*THE TASK*:
Of the lines listed below, return exactly those that run from the line containing "imports Defs" through the line containing "degree into S)", both included.

*INFORMATION*:
'''
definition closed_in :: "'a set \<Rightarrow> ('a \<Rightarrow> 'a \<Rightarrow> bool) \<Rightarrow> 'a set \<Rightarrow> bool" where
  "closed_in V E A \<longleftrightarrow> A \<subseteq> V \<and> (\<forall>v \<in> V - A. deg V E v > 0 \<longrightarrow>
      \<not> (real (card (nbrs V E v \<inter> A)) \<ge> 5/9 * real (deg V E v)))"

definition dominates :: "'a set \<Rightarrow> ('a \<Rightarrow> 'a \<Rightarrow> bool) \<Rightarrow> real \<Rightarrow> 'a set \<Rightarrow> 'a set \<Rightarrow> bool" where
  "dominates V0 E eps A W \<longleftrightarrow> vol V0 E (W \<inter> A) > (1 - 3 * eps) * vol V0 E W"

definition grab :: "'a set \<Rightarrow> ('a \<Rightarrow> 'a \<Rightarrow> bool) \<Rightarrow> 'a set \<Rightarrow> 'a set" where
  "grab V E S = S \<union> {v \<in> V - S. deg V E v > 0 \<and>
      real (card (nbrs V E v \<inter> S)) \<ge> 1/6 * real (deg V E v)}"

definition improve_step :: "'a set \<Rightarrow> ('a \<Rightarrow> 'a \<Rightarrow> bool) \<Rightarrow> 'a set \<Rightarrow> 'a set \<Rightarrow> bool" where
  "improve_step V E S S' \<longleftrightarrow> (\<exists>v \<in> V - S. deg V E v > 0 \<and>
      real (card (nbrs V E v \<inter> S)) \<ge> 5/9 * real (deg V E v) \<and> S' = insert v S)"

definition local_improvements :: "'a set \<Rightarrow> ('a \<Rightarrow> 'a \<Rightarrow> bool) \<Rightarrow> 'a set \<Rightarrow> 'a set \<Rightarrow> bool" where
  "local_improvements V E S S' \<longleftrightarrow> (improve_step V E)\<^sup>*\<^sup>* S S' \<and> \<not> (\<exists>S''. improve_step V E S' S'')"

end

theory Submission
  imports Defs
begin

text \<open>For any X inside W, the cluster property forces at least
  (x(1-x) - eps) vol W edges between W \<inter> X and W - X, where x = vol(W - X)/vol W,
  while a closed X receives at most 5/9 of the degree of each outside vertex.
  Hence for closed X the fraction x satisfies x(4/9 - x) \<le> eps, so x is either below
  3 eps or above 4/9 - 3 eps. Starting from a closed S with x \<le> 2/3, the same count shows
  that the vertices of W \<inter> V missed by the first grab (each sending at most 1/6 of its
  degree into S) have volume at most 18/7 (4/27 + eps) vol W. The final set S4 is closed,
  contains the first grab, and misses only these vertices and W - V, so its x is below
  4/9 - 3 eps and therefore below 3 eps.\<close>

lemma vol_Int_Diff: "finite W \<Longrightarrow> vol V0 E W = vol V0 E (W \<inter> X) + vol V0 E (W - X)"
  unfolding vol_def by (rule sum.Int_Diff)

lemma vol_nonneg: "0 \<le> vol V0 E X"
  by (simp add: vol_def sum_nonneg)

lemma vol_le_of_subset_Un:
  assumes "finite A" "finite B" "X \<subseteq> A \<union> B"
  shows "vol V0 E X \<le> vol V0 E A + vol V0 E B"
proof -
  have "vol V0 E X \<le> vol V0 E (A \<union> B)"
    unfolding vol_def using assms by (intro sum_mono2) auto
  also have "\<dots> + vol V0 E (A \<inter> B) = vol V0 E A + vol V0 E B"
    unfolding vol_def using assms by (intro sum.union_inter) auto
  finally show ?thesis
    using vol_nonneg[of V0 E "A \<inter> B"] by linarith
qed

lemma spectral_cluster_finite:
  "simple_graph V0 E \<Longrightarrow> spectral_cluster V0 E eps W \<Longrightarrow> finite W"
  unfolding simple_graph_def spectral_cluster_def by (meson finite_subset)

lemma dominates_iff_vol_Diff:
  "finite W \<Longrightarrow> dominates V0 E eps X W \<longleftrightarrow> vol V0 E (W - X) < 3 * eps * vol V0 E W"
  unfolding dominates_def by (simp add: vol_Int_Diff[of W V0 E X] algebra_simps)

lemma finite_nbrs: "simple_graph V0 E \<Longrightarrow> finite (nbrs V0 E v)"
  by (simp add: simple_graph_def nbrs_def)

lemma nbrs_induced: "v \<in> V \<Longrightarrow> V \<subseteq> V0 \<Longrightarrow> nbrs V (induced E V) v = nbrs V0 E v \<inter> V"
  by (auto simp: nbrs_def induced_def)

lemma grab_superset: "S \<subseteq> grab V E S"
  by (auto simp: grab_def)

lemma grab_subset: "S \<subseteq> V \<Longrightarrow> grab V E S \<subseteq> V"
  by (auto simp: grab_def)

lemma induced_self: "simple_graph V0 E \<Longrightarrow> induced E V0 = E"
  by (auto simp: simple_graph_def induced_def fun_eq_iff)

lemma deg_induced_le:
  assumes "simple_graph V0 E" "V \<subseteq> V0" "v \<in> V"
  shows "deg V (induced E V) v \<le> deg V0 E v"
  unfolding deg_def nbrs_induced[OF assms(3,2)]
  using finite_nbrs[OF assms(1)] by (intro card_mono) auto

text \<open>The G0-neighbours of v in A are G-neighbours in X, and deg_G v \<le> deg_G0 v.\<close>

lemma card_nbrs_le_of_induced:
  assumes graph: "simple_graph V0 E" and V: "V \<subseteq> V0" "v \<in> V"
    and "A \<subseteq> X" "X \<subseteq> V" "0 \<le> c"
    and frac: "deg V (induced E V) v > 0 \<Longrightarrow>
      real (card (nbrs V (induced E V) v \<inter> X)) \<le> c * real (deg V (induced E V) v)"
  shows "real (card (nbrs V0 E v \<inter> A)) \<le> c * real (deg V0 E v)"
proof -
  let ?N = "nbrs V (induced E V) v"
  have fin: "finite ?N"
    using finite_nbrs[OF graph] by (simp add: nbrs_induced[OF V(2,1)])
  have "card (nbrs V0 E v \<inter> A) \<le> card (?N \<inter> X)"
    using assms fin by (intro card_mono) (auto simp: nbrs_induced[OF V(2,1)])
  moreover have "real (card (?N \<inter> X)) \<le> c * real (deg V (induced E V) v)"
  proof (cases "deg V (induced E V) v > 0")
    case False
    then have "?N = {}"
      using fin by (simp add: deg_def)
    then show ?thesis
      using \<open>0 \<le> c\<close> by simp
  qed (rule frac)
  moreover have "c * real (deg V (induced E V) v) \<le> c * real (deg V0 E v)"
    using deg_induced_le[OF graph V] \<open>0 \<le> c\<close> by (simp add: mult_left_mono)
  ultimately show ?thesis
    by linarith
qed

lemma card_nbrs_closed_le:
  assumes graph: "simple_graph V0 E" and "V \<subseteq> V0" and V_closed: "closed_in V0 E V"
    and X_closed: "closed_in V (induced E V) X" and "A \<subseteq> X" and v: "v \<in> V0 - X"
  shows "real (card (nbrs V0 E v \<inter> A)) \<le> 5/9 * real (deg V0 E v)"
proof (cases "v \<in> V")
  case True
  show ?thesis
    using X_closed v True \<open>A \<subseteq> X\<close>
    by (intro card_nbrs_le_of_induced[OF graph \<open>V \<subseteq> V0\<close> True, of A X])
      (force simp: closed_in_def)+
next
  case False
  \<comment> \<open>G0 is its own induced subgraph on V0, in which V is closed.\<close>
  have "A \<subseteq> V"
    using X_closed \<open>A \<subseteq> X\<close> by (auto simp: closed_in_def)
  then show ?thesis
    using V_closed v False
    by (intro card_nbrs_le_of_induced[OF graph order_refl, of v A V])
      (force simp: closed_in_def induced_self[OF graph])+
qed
'''
*RESULT FOR THIS TASK*:
  imports Defs
begin

text \<open>For any X inside W, the cluster property forces at least
  (x(1-x) - eps) vol W edges between W \<inter> X and W - X, where x = vol(W - X)/vol W,
  while a closed X receives at most 5/9 of the degree of each outside vertex.
  Hence for closed X the fraction x satisfies x(4/9 - x) \<le> eps, so x is either below
  3 eps or above 4/9 - 3 eps. Starting from a closed S with x \<le> 2/3, the same count shows
  that the vertices of W \<inter> V missed by the first grab (each sending at most 1/6 of its
  degree into S) have volume at most 18/7 (4/27 + eps) vol W. The final set S4 is closed,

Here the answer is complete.